SAM 3D Body is a promptable model for single-image full-body 3D human mesh recovery. It estimates pose and shape from one image, supports prompts like keypoints or masks, and outputs a structured human mesh representation that is animation-friendly.
This post documents a quick experiment: running SAM 3D Body frame-by-frame on a video to extract a mesh and joints, then thinking through what that enables for motion capture and video-to-mocap pipelines in Unreal Engine.
Test clip: mesh + joints from video
The video below is a test of me extracting joints and a mesh from a video instead of a single image. Each frame is processed independently, then stitched into a short sequence for visualization.
What changes when you go from image to video
SAM 3D Body is trained for single-image reconstruction, so video inference is essentially a per-frame pipeline. The interesting part is the extra structure video gives you:
- Temporal consistency: even a simple smoothing pass can reduce frame-to-frame jitter.

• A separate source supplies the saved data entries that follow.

(* Let $n\ge 1$, $k>0$ and $\nu>0$. On the Siegel--Jacobi upper half space $\mathcal{X}^J_n=\{(v,u): v\in M(n,\mathbb{C}),\ v=v^t,\ \Im v>0,\ u\in M(1,n,\mathbb{C})\}$ let $\omega_{\mathcal{X}^J_n}$ be the two-form (the image under the partial Cayley transform of the invariant Kähler two-form of the Siegel--Jacobi ball $\mathcal{D}^J_n$) given by $$-\mathrm{i}\,\omega_{\mathcal{X}^J_n}(v,u)=\frac{k}{2}\operatorname{tr}(H\wedge\bar H)+\frac{2\nu}{\mathrm{i}}\operatorname{tr}(G^tD\wedge\bar G),\qquad D:=(\bar v-v)^{-1},\quad H:=D\,\mathrm{d}v,\quad G^t:=\mathrm{d}u-p\,\mathrm{d}v,$$ where $p:=(u-\bar u)(v-\bar v)^{-1}\in M(1,n,\mathbb{R})$. Introduce real coordinates $(x,y,p,q)$ by $v=x+\mathrm{i}y$ with $x,y$ real symmetric $n\times n$ matrices, $y$ positive definite, and $u=pv+q$ with $p,q\in M(1,n,\mathbb{R})$ (so that $G^t=\mathrm{d}p\,(x+\mathrm{i}y)+\mathrm{d}q$). Then $$\omega_{\mathcal{X}^J_n}(x,y,p,q)=\omega_1+\omega_2,$$ where $$\omega_1=\frac{k}{4}\operatorname{tr}\big(y^{-1}\mathrm{d}x\wedge y^{-1}\mathrm{d}y\big)=-\frac{k}{4}\operatorname{tr}\big(\mathrm{d}x\wedge \mathrm{d}(y^{-1})\big),\qquad \omega_2=2\nu\,\mathrm{d}q^t\wedge\mathrm{d}p=\sum_{i=1}^n \mathrm{d}(2\nu q_i)\wedge \mathrm{d}p_i .$$ Moreover, $\omega_1$ is in Darboux form $$\omega_1=\sum_{a=1}^n \mathrm{d}\Big(\tfrac{k}{4}x_{aa}\Big)\wedge \mathrm{d}\big(-(y^{-1})_{aa}\big)+\sum_{1\le a<b\le n}\mathrm{d}\Big(\tfrac{k}{2}x_{ab}\Big)\wedge \mathrm{d}\big(-(y^{-1})_{ab}\big),$$ so that $\omega_{\mathcal{X}^J_n}=\sum_{I=1}^{n(n+3)/2}\mathrm{d}Q^I\wedge\mathrm{d}P^I$ with the $n(n+1)/2$ pairs $(Q^I,P^I)$ equal to $(\tfrac{k}{4}x_{aa},-(y^{-1})_{aa})$, $(\tfrac{k}{2}x_{ab},-(y^{-1})_{ab})$ ($a<b$), together with the $n$ pairs $(2\nu q_i,p_i)$.
   Context: Matrix-valued differential forms are multiplied using matrix multiplication combined with the wedge product of their entries; $\operatorname{tr}$ is the trace; $\bar{\ }$ denotes complex conjugation and $G=(G^t)^t$ is the column of one-forms corresponding to the row $G^t$. The parameters $k$ (with $2k\in\mathbb{N}$) and $\nu>0$ index, respectively, the holomorphic discrete series of $\mathrm{Sp}(n,\mathbb{R})$ and the representations of the Heisenberg group; here they are just positive constants. *)

theory Defs
  imports "HOL-Analysis.Analysis"
begin

text \<open>Points of the real parameter space: (x, y, p, q) with x, y real n x n matrices
  and p, q real 1 x n matrices.  Tangent vectors live in the same vector space.\<close>

type_synonym 'n rpt = "(real^'n^'n) \<times> (real^'n^'n) \<times> (real^'n^1) \<times> (real^'n^1)"

definition xco :: "'n rpt \<Rightarrow> real^'n^'n" where "xco P = fst P"
definition yco :: "'n rpt \<Rightarrow> real^'n^'n" where "yco P = fst (snd P)"
definition pco :: "'n rpt \<Rightarrow> real^'n^1" where "pco P = fst (snd (snd P))"
definition qco :: "'n rpt \<Rightarrow> real^'n^1" where "qco P = snd (snd (snd P))"

definition symmetric_mat :: "'a^'n^'n \<Rightarrow> bool" where
  "symmetric_mat A \<longleftrightarrow> transpose A = A"

definition pos_def :: "real^'n^'n \<Rightarrow> bool" where
  "pos_def A \<longleftrightarrow> symmetric_mat A \<and> (\<forall>z. z \<noteq> 0 \<longrightarrow> z \<bullet> (A *v z) > 0)"

text \<open>exterior derivative of a (vector/matrix valued) function, as a one-form\<close>
definition dd :: "('v::real_normed_vector \<Rightarrow> 'w::real_normed_vector) \<Rightarrow> 'v \<Rightarrow> 'v \<Rightarrow> 'w" where
  "dd f P = frechet_derivative f (at P)"

definition wedge :: "('v \<Rightarrow> real) \<Rightarrow> ('v \<Rightarrow> real) \<Rightarrow> 'v \<Rightarrow> 'v \<Rightarrow> real" where
  "wedge a b T1 T2 = a T1 * b T2 - a T2 * b T1"

definition mwedge :: "('v \<Rightarrow> 'a::comm_ring_1^'m^'l) \<Rightarrow> ('v \<Rightarrow> 'a^'k^'m) \<Rightarrow> 'v \<Rightarrow> 'v \<Rightarrow> 'a^'k^'l" where
  "mwedge A B T1 T2 = A T1 ** B T2 - A T2 ** B T1"

definition mcnj :: "complex^'m^'l \<Rightarrow> complex^'m^'l" where
  "mcnj A = (\<chi> i j. cnj (A $ i $ j))"

definition cmat :: "real^'m^'l \<Rightarrow> complex^'m^'l" where
  "cmat A = (\<chi> i j. complex_of_real (A $ i $ j))"

text \<open>The two-form on the Siegel--Jacobi upper half space at (v,u), evaluated on the
  tangent vectors (V1,U1), (V2,U2) (dv, du evaluate to V, U; conjugates to conj).
  -i omega = k/2 tr(H /\ Hbar) + 2 nu / i tr(G^t D /\ Gbar).\<close>
definition omega_XJ :: "real \<Rightarrow> real \<Rightarrow> (complex^'n^'n) \<times> (complex^'n^1)
    \<Rightarrow> (complex^'n^'n) \<times> (complex^'n^1) \<Rightarrow> (complex^'n^'n) \<times> (complex^'n^1) \<Rightarrow> complex" where
  "omega_XJ k \<nu> vu T1 T2 =
    (let v = fst vu; u = snd vu;
         D = matrix_inv (mcnj v - v);
         p = (u - mcnj u) ** matrix_inv (v - mcnj v);
         H = (\<lambda>T. D ** fst T);
         Hb = (\<lambda>T. mcnj (H T));
         Gt = (\<lambda>T. snd T - p ** fst T);
         GtD = (\<lambda>T. Gt T ** D);
         Gb = (\<lambda>T. mcnj (transpose (Gt T)))
     in \<i> * (complex_of_real (k/2) * trace (mwedge H Hb T1 T2)
            + (complex_of_real (2*\<nu>) / \<i>) * trace (mwedge GtD Gb T1 T2)))"

definition Phi :: "('n::finite) rpt \<Rightarrow> (complex^'n^'n) \<times> (complex^'n^1)" where
  "Phi P = (let v = (\<chi> i j. Complex (xco P $ i $ j) (yco P $ i $ j)) in (v, cmat (pco P) ** v + cmat (qco P)))"

definition omega_XJ_real :: "real \<Rightarrow> real \<Rightarrow> ('n::finite) rpt \<Rightarrow> 'n rpt \<Rightarrow> 'n rpt \<Rightarrow> complex" where
  "omega_XJ_real k \<nu> P T1 T2 = omega_XJ k \<nu> (Phi P) (dd Phi P T1) (dd Phi P T2)"

end

theory Submission
  imports Defs
begin

(*
  Then conj v - v = -2 i y, so D = (i/2) y^-1, the row
  (u - conj u) (v - conj v)^-1 is the real row p, and G^t = dp v + dq.  Writing complex
  matrices as pairs of real matrices, the real part of tr (H wedge conj H) cancels by
  cyclicity of the trace and its imaginary part gives tr (y^-1 dx wedge y^-1 dy).  In the
  Heisenberg term the imaginary part cancels because y^-1 is symmetric, while y^-1 y = 1 and
  the symmetry of x reduce the real part to dq wedge dp.  The Darboux form follows from
  d(y^-1) = - y^-1 dy y^-1 and from splitting the trace of a product of two symmetric
  matrices into its diagonal and off-diagonal terms.  Differentiability of the matrix
  inverse comes from Cramer's rule.
*)

lemma matrix_add_rdistrib: "((A::'a::semiring_1^'n^'m) + B) ** C = A ** C + B ** C"
  by (vector matrix_matrix_mult_def sum.distrib[symmetric] field_simps)

lemma matrix_diff_rdistrib: "((A::'a::ring_1^'n^'m) - B) ** C = A ** C - B ** C"
  by (vector matrix_matrix_mult_def sum_subtractf[symmetric] field_simps)

lemma matrix_diff_ldistrib: "(A::'a::ring_1^'n^'m) ** (B - C) = A ** B - A ** C"
  by (vector matrix_matrix_mult_def sum_subtractf[symmetric] field_simps)

lemma matrix_neg_left: "(- (A::'a::ring_1^'n^'m)) ** B = - (A ** B)"
  by (vector matrix_matrix_mult_def sum_negf[symmetric])

lemma matrix_neg_right: "(A::'a::ring_1^'n^'m) ** (- B) = - (A ** B)"
  by (vector matrix_matrix_mult_def sum_negf[symmetric])

lemma matrix_scaleR_left: "(c *\<^sub>R (A::'a::real_algebra_1^'n^'m)) ** B = c *\<^sub>R (A ** B)"
  by (rule scalar_matrix_assoc[symmetric])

- Occlusion recovery: a limb hidden in one frame often appears in neighboring frames.
- Motion cues: small motions help resolve ambiguous poses that are hard from one frame alone.

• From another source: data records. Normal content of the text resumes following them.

lemma Qop_trunc_eq_integral:
  fixes f :: "real \<Rightarrow> real^'n"
  assumes sc: "smooth_closed_curve f" and \<epsilon>: "0 < \<epsilon>" "\<epsilon> \<le> 1/2"
  shows "Qop_trunc \<alpha> \<epsilon> f x = integral {w. \<epsilon> \<le> \<bar>w\<bar> \<and> \<bar>w\<bar> \<le> 1/2}
     (\<lambda>w. (1 / \<bar>w\<bar> powr \<alpha>) *\<^sub>R ((2 / w\<^sup>2) *\<^sub>R (f (x + w) - f x - w *\<^sub>R dn 1 f x) - dn 2 f x))"
proof -
  define g where "g w = (1 / \<bar>w\<bar> powr \<alpha>) *\<^sub>R ((2 / w\<^sup>2) *\<^sub>R (f (x + w) - f x - w *\<^sub>R dn 1 f x) - dn 2 f x)"
    for w
  have g_cont: "continuous_on T g" if "0 \<notin> T" for T
  proof -
    have "continuous_on T (\<lambda>w. f (x + w))"
      using smooth_closed_curve_continuous_compose[OF sc, of T "\<lambda>w. x + w" 0]
      by (simp add: continuous_intros)
    then show ?thesis
      unfolding g_def using that by (intro continuous_intros) auto
  qed
  have "integral {w. \<epsilon> \<le> \<bar>w\<bar> \<and> \<bar>w\<bar> \<le> 1/2} g = integral {-(1/2)..-\<epsilon>} g + integral {\<epsilon>..1/2} g"
  proof -
    have "{w. \<epsilon> \<le> \<bar>w\<bar> \<and> \<bar>w\<bar> \<le> 1/2} = {-(1/2)..-\<epsilon>} \<union> {\<epsilon>..1/2}"
      using \<epsilon> by auto
    then show ?thesis
      using \<epsilon> by (simp add: integral_Un integrable_continuous_interval g_cont)
  qed
  also have "integral {-(1/2)..-\<epsilon>} g = integral {\<epsilon>..1/2} (\<lambda>w. g (-w))"
    using Henstock_Kurzweil_Integration.integral_reflect_real[of "1/2" \<epsilon> "\<lambda>w. g (-w)"] by simp
  also have "integral {\<epsilon>..1/2} (\<lambda>w. g (-w)) + integral {\<epsilon>..1/2} g = integral {\<epsilon>..1/2} (\<lambda>w. g w + g (-w))"
  proof -
    have "continuous_on {\<epsilon>..1/2} (\<lambda>w. g (-w))"
      using \<epsilon> by (intro continuous_on_compose2[OF g_cont[of "{-(1/2)..-\<epsilon>}"]] continuous_intros) auto
    then show ?thesis
      using \<epsilon> g_cont[of "{\<epsilon>..1/2}"]
      by (subst integral_add) (auto intro: integrable_continuous_interval)
  qed
  also have "\<dots> = Qop_trunc \<alpha> \<epsilon> f x"
    unfolding Qop_trunc_def g_def using \<epsilon>
    by (intro integral_cong Qop_integrand_symmetrize) auto
  finally show ?thesis
    by (simp add: g_def)
qed

lemma Qop_eq_integral:
  fixes f :: "real \<Rightarrow> real^'n"
  assumes sc: "smooth_closed_curve f" and "\<alpha> < 3"
  shows "Qop \<alpha> f x = integral {0..1/2} (Qsym \<alpha> f x)"
proof -
  obtain M where M: "\<And>x. norm (dn 4 f x) \<le> M"
    using smooth_closed_curve_bounded[OF sc] by blast
  let ?J = "integral {0..1/2} (Qsym \<alpha> f x)"
  have bound: "norm (Qop_trunc \<alpha> \<epsilon> f x - ?J) \<le> M / (6 * (3 - \<alpha>)) * \<epsilon> powr (3 - \<alpha>)"
    if "\<epsilon> \<in> {0<..<1/2}" for \<epsilon>
    using Qsym_tail_bound[OF sc \<open>\<alpha> < 3\<close> M, of \<epsilon> x] that by (simp add: norm_minus_commute)
  have "\<forall>\<^sub>F \<epsilon> in at_right (0::real). 0 \<le> \<epsilon>"
    by (rule eventually_at_rightI[of 0 1]) auto
  then have "((\<lambda>\<epsilon>. M / (6 * (3 - \<alpha>)) * \<epsilon> powr (3 - \<alpha>)) \<longlongrightarrow> M / (6 * (3 - \<alpha>)) * 0) (at_right 0)"
    using \<open>\<alpha> < 3\<close> by (intro tendsto_intros tendsto_zero_powrI) auto
  then have "((\<lambda>\<epsilon>. Qop_trunc \<alpha> \<epsilon> f x - ?J) \<longlongrightarrow> 0) (at_right 0)"
    by (intro Lim_null_comparison[OF eventually_at_rightI[of 0 "1/2", OF bound]]) simp_all
  then have "((\<lambda>\<epsilon>. Qop_trunc \<alpha> \<epsilon> f x) \<longlongrightarrow> ?J) (at_right 0)"
    by (simp add: Lim_null[symmetric])
  then have "((\<lambda>\<epsilon>. integral {w. \<epsilon> \<le> \<bar>w\<bar> \<and> \<bar>w\<bar> \<le> 1/2}
     (\<lambda>w. (1 / \<bar>w\<bar> powr \<alpha>) *\<^sub>R ((2 / w\<^sup>2) *\<^sub>R (f (x + w) - f x - w *\<^sub>R dn 1 f x) - dn 2 f x)))
       \<longlongrightarrow> ?J) (at_right 0)"
    by (rule Lim_transform_eventually, intro eventually_at_rightI[of 0 "1/2"] Qop_trunc_eq_integral[OF sc])
      simp_all
  then show ?thesis
    unfolding Qop_def by (intro tendsto_Lim) auto
qed

lemma Qop_trunc_approx:
  fixes f :: "real \<Rightarrow> real^'n"
  assumes sc: "smooth_closed_curve f" and "\<alpha> < 3"
  obtains K where "\<And>x \<epsilon>. 0 < \<epsilon> \<Longrightarrow> \<epsilon> \<le> 1/2 \<Longrightarrow>
    norm (Qop_trunc \<alpha> \<epsilon> f x - Qop \<alpha> f x) \<le> K * \<epsilon> powr (3 - \<alpha>)"
proof -
  obtain M where M: "\<And>x. norm (dn 4 f x) \<le> M"
    using smooth_closed_curve_bounded[OF sc] by blast
  show ?thesis
  proof (rule that)
    fix x \<epsilon> :: real
    assume "0 < \<epsilon>" "\<epsilon> \<le> 1/2"
    from Qsym_tail_bound[OF sc \<open>\<alpha> < 3\<close> M this, of x]
    show "norm (Qop_trunc \<alpha> \<epsilon> f x - Qop \<alpha> f x) \<le> M / (6 * (3 - \<alpha>)) * \<epsilon> powr (3 - \<alpha>)"
      unfolding Qop_eq_integral[OF sc \<open>\<alpha> < 3\<close>] by (subst norm_minus_commute)
  qed
qed

lemma Qop_trunc_uniform_limit:
  fixes f :: "real \<Rightarrow> real^'n"
  assumes sc: "smooth_closed_curve f" and "\<alpha> < 3"
    and e: "e \<longlonglongrightarrow> 0" "\<And>n. 0 < e n" "\<And>n. e n \<le> 1/2"
  shows "uniform_limit UNIV (\<lambda>n. Qop_trunc \<alpha> (e n) f) (Qop \<alpha> f) sequentially"
proof -
  obtain K where K: "\<And>x \<epsilon>. 0 < \<epsilon> \<Longrightarrow> \<epsilon> \<le> 1/2 \<Longrightarrow>
      norm (Qop_trunc \<alpha> \<epsilon> f x - Qop \<alpha> f x) \<le> K * \<epsilon> powr (3 - \<alpha>)"
    using Qop_trunc_approx[OF sc \<open>\<alpha> < 3\<close>] by blast
  have "(\<lambda>n. K * e n powr (3 - \<alpha>)) \<longlonglongrightarrow> K * 0"
    using e \<open>\<alpha> < 3\<close>
    by (intro tendsto_intros tendsto_zero_powrI) (auto intro: less_imp_le always_eventually)
  then show ?thesis
    unfolding uniform_limit_iff dist_norm
    by (auto dest!: order_tendstoD(2) elim!: eventually_mono intro: le_less_trans K e)
qed

section \<open>Differentiation commutes with \<open>Q\<^sup>\<alpha>\<close>\<close>

lemma has_vector_derivative_Qsym:
  fixes f :: "real \<Rightarrow> real^'n"
  assumes sc: "smooth_closed_curve f"
  shows "((\<lambda>x. Qsym \<alpha> f x w) has_vector_derivative Qsym \<alpha> (dn 1 f) x w) (at x)"
proof -
  have shift: "((\<lambda>x. f (x + s)) has_vector_derivative dn 1 f (x + s)) (at x)" for s
  proof -
    have "((\<lambda>x. x + s) has_real_derivative 1) (at x)"
      by (auto intro!: derivative_eq_intros)
    from smooth_closed_curve_derivative_compose[OF sc this, of 0] show ?thesis
      by simp
  qed
  have "dn 2 (dn 1 f) = dn 3 f"
    by (simp flip: dn_add)
  then show ?thesis
    unfolding Qsym_def
    using smooth_closed_curve_derivative[OF sc, of 0] smooth_closed_curve_derivative[OF sc, of 2]
      shift[of w] shift[of "- w"]
    by (auto intro!: derivative_eq_intros simp: eval_nat_numeral)
qed

lemma has_vector_derivative_uniform_limit:
  fixes F F' :: "nat \<Rightarrow> real \<Rightarrow> 'a::banach"
  assumes "\<And>n x. (F n has_vector_derivative F' n x) (at x)"
    and "\<And>x. (\<lambda>n. F n x) \<longlonglongrightarrow> f x"
    and "uniform_limit UNIV F' f' sequentially"
  shows "(f has_vector_derivative f' x) (at x)"
proof -
  have "\<exists>g. \<forall>x\<in>UNIV. (\<lambda>n. F n x) \<longlonglongrightarrow> g x \<and> (g has_derivative (\<lambda>h. h *\<^sub>R f' x)) (at x within UNIV)"
  proof (rule has_derivative_sequence[where f' = "\<lambda>n x h. h *\<^sub>R F' n x"])
    show "(F n has_derivative (\<lambda>h. h *\<^sub>R F' n x)) (at x within UNIV)" for n x
      using assms(1) by (simp add: has_vector_derivative_def)
    show "\<forall>\<^sub>F n in sequentially. \<forall>x\<in>UNIV. \<forall>h. norm (h *\<^sub>R F' n x - h *\<^sub>R f' x) \<le> e * norm h"
      if "e > 0" for e
      using uniform_limitD[OF assms(3) that]
    proof (rule eventually_mono, intro ballI allI)
      fix n x h
      assume "\<forall>x\<in>UNIV. dist (F' n x) (f' x) < e"
      then have "norm (F' n x - f' x) \<le> e"
        by (simp add: dist_norm less_imp_le)
      then show "norm (h *\<^sub>R F' n x - h *\<^sub>R f' x) \<le> e * norm h"
        by (simp flip: scaleR_diff_right add: mult.commute[of e] mult_left_mono)
    qed
  qed (use assms(2) in auto)
  then obtain g where "\<And>x. (\<lambda>n. F n x) \<longlonglongrightarrow> g x" "(g has_derivative (\<lambda>h. h *\<^sub>R f' x)) (at x)"
    by auto
  moreover have "g = f"
    using calculation(1) assms(2) LIMSEQ_unique by blast
  ultimately show ?thesis
    by (simp add: has_vector_derivative_def)
qed

lemma Qop_trunc_has_vector_derivative:
  fixes f :: "real \<Rightarrow> real^'n"
  assumes sc: "smooth_closed_curve f" and "0 < \<epsilon>"
  shows "(Qop_trunc \<alpha> \<epsilon> f has_vector_derivative Qop_trunc \<alpha> \<epsilon> (dn 1 f) x) (at x)"
proof -
  have "((\<lambda>x. integral (cbox \<epsilon> (1/2)) (Qsym \<alpha> f x)) has_vector_derivative
      integral (cbox \<epsilon> (1/2)) (Qsym \<alpha> (dn 1 f) x)) (at x within UNIV)"
  proof (rule leibniz_rule_vector_derivative)
    show "((\<lambda>x. Qsym \<alpha> f x t) has_vector_derivative Qsym \<alpha> (dn 1 f) x t) (at x within UNIV)" for x t
      using has_vector_derivative_Qsym[OF sc] by simp
    show "Qsym \<alpha> f x integrable_on cbox \<epsilon> (1/2)" for x
      unfolding cbox_interval using \<open>0 < \<epsilon>\<close>
      by (intro integrable_continuous_interval continuous_on_Qsym_right[OF sc]) auto
    have "continuous_on (UNIV \<times> cbox \<epsilon> (1/2)) (\<lambda>p. Qsym \<alpha> (dn 1 f) (fst p) (snd p))"
      using \<open>0 < \<epsilon>\<close> smooth_closed_curve_dn[OF sc]
      by (intro continuous_on_Qsym) (auto simp: cbox_interval)
    then show "continuous_on (UNIV \<times> cbox \<epsilon> (1/2)) (\<lambda>(x, t). Qsym \<alpha> (dn 1 f) x t)"
      by (simp add: case_prod_beta)
  qed auto
  then show ?thesis
    by (simp add: Qop_trunc_def[abs_def] cbox_interval)
qed

lemma Qop_has_vector_derivative:
  fixes f :: "real \<Rightarrow> real^'n"
  assumes sc: "smooth_closed_curve f" and "\<alpha> < 3"
  shows "(Qop \<alpha> f has_vector_derivative Qop \<alpha> (dn 1 f) x) (at x)"
proof -
  define e where "e n = inverse (real (Suc n)) / 2" for n
  have e: "e \<longlonglongrightarrow> 0" "0 < e n" "e n \<le> 1/2" for n
    unfolding e_def using tendsto_divide_zero[OF LIMSEQ_inverse_real_of_nat, of 2]
    by (auto simp: field_simps)
  note limit = Qop_trunc_uniform_limit[OF _ \<open>\<alpha> < 3\<close> e]
  show ?thesis
  proof (rule has_vector_derivative_uniform_limit)
    show "(Qop_trunc \<alpha> (e n) f has_vector_derivative Qop_trunc \<alpha> (e n) (dn 1 f) x) (at x)" for n x
      using Qop_trunc_has_vector_derivative[OF sc e(2)] .
    show "(\<lambda>n. Qop_trunc \<alpha> (e n) f x) \<longlonglongrightarrow> Qop \<alpha> f x" for x
      using tendsto_uniform_limitI[OF limit[OF sc]] by simp
    show "uniform_limit UNIV (\<lambda>n. Qop_trunc \<alpha> (e n) (dn 1 f)) (Qop \<alpha> (dn 1 f)) sequentially"
      using limit[OF smooth_closed_curve_dn[OF sc]] .
  qed
qed

lemma dn_Qop:
  fixes f :: "real \<Rightarrow> real^'n"
  assumes sc: "smooth_closed_curve f" and "\<alpha> < 3"
  shows "dn l (Qop \<alpha> f) = Qop \<alpha> (dn l f)"
proof (induction l)
  case (Suc l)
  have "dn (Suc l) (Qop \<alpha> f) = (\<lambda>x. vector_derivative (Qop \<alpha> (dn l f)) (at x))"
    using Suc by (simp add: dn_Suc)
  also have "\<dots> = Qop \<alpha> (dn 1 (dn l f))"
    using Qop_has_vector_derivative[OF smooth_closed_curve_dn[OF sc] \<open>\<alpha> < 3\<close>]
    by (intro ext vector_derivative_at)
  finally show ?case
    by (simp flip: dn_add)
qed simp

section \<open>Fourier coefficients\<close>

definition fourier_kernel :: "int \<Rightarrow> real \<Rightarrow> complex" where
  "fourier_kernel k x = exp (- (2 * of_real pi * \<i> * of_int k * of_real x))"

lemma fourier_coeff_eq:
  "fourier_coeff f k i = integral {0..1} (\<lambda>x. of_real (f x $ i) * fourier_kernel k x)"
  by (simp add: fourier_coeff_def fourier_kernel_def)

lemma has_vector_derivative_fourier_kernel:
  "(fourier_kernel k has_vector_derivative (- (2 * of_real pi * \<i> * of_int k)) * fourier_kernel k x) (at x)"
proof -
  have "((\<lambda>z. exp (- (2 * of_real pi * \<i> * of_int k * z))) has_field_derivative
      exp (- (2 * of_real pi * \<i> * of_int k * of_real x)) * (- (2 * of_real pi * \<i> * of_int k)))
      (at (of_real x))"
    by (auto intro!: derivative_eq_intros)
  from has_vector_derivative_real_field[OF this] show ?thesis
    unfolding fourier_kernel_def by (simp add: mult.commute)
qed

lemma continuous_on_fourier_kernel: "continuous_on S (fourier_kernel k)"
  unfolding fourier_kernel_def by (intro continuous_intros)

lemma fourier_kernel_add: "fourier_kernel k (x + y) = fourier_kernel k x * fourier_kernel k y"
  unfolding fourier_kernel_def by (simp add: exp_add[symmetric] algebra_simps)

lemma fourier_kernel_periodic: "fourier_kernel k (x + 1) = fourier_kernel k x"
proof -
  have "fourier_kernel k 1 = exp ((2 * of_int (-k) * pi) * \<i>)"
    unfolding fourier_kernel_def by (simp add: algebra_simps)
  also have "\<dots> = 1"
    by (rule exp_integer_2pi) auto
  finally show ?thesis
    by (simp add: fourier_kernel_add)
qed

lemma norm_fourier_kernel [simp]: "norm (fourier_kernel k x) = 1"
proof -
  have "- (2 * of_real pi * \<i> * of_int k * of_real x) = \<i> * of_real (- (2 * pi * k * x))"
    by simp
  then show ?thesis
    unfolding fourier_kernel_def by (simp only: norm_exp_i_times)
qed

lemma fourier_kernel_reflect_add:
  "fourier_kernel k (- w) + fourier_kernel k w = of_real (2 * cos (2 * pi * k * w))"
  unfolding fourier_kernel_def by (simp add: complex_eq_iff Re_exp Im_exp)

That does not make it a native video model, but it does make the output more usable for animation and tracking.
Implications for motion capture + Unreal Engine motion matching
If you can recover a clean joint hierarchy and mesh per frame, the next steps are familiar:
- Stabilize the track -- apply temporal smoothing and fix joint flips.

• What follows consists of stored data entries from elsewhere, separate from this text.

lemma norm_linepath_le: "0 \<le> t \<Longrightarrow> t \<le> 1 \<Longrightarrow> norm (linepath p q t) \<le> (1 - t) * norm p + t * norm q"
  unfolding linepath_def by (rule order_trans[OF norm_triangle_ineq]) simp

lemma poly_set_norm_le:
  assumes "y \<in> poly_set P" "P \<noteq> []"
    and edges: "\<And>e. e \<in> set (poly_edges P) \<Longrightarrow> norm (fst e) \<le> R \<and> norm (snd e) \<le> R"
  shows "norm y \<le> R"
proof -
  obtain e t where e: "e \<in> set (poly_edges P)" "0 \<le> t" "t < 1" "y = linepath (fst e) (snd e) t"
    using poly_set_obtain_edge[OF assms(1,2)] .
  have "norm y \<le> (1 - t) * norm (fst e) + t * norm (snd e)"
    using e by (simp add: norm_linepath_le)
  also have "\<dots> \<le> (1 - t) * R + t * R"
    using e edges[OF e(1)] by (intro add_mono mult_left_mono) auto
  finally show ?thesis by (simp add: algebra_simps)
qed

lemma poly_set_norm_eq_imp_vertex:
  assumes "y \<in> poly_set P" "P \<noteq> []" "norm y = R"
    and edges: "\<And>e. e \<in> set (poly_edges P) \<Longrightarrow>
                 norm (fst e) \<le> R \<and> norm (snd e) \<le> R \<and> (norm (fst e) < R \<or> norm (snd e) < R)"
  shows "\<exists>e\<in>set (poly_edges P). y = fst e"
proof -
  obtain e t where e: "e \<in> set (poly_edges P)" "0 \<le> t" "t < 1" "y = linepath (fst e) (snd e) t"
    using poly_set_obtain_edge[OF assms(1,2)] .
  have "t = 0"
  proof (rule ccontr)
    assume "t \<noteq> 0"
    have "R \<le> (1 - t) * norm (fst e) + t * norm (snd e)"
      using e assms(3) by (metis norm_linepath_le less_imp_le)
    also have "\<dots> < (1 - t) * R + t * R"
    proof -
      have "0 < 1 - t" "0 < t" using e(2,3) \<open>t \<noteq> 0\<close> by auto
      with edges[OF e(1)] show ?thesis
        by (auto intro: add_less_le_mono add_le_less_mono mult_left_mono mult_strict_left_mono)
    qed
    finally show False by (simp add: algebra_simps)
  qed
  then show ?thesis using e by (auto simp: linepath_def)
qed

lemma poly_edges_eq_zip_rotate1: "poly_edges P = zip P (rotate1 P)"
  by (rule nth_equalityI) (simp_all add: poly_edges_def nth_rotate1)

lemma concat_map2_tl_hd:
  assumes "[] \<notin> set (B # Bs)"
  shows "concat (map2 (\<lambda>B B'. tl B @ [hd B']) (B # Bs) (Bs @ [C])) = tl B @ concat Bs @ [hd C]"
  using assms by (induction Bs arbitrary: B) auto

- Retarget -- map the recovered joints to an Unreal Engine-compatible skeleton.
- Curate clips -- segment the sequence into motion-matching-ready clips.
- Blend and iterate -- feed it into Motion Matching, then tune blend spaces and cost weights.
The big implication: lightweight video-to-mocap workflows become possible without a full marker-based capture setup. You can prototype moves, test blocking, or generate animation references directly from a phone video.
What I'm taking away
- Single-image models become far more practical when you add temporal context.
- The mesh output is useful even when you primarily need joints; it gives you pose sanity checks.
- The Unreal Engine pipeline is viable as soon as the joint stream is stable.
Next experiments
- Introduce temporal priors to reduce jitter without over-smoothing.
- Compare a per-frame pipeline vs. a windowed optimization approach.
- Test retargeting quality on fast turns and foot contacts.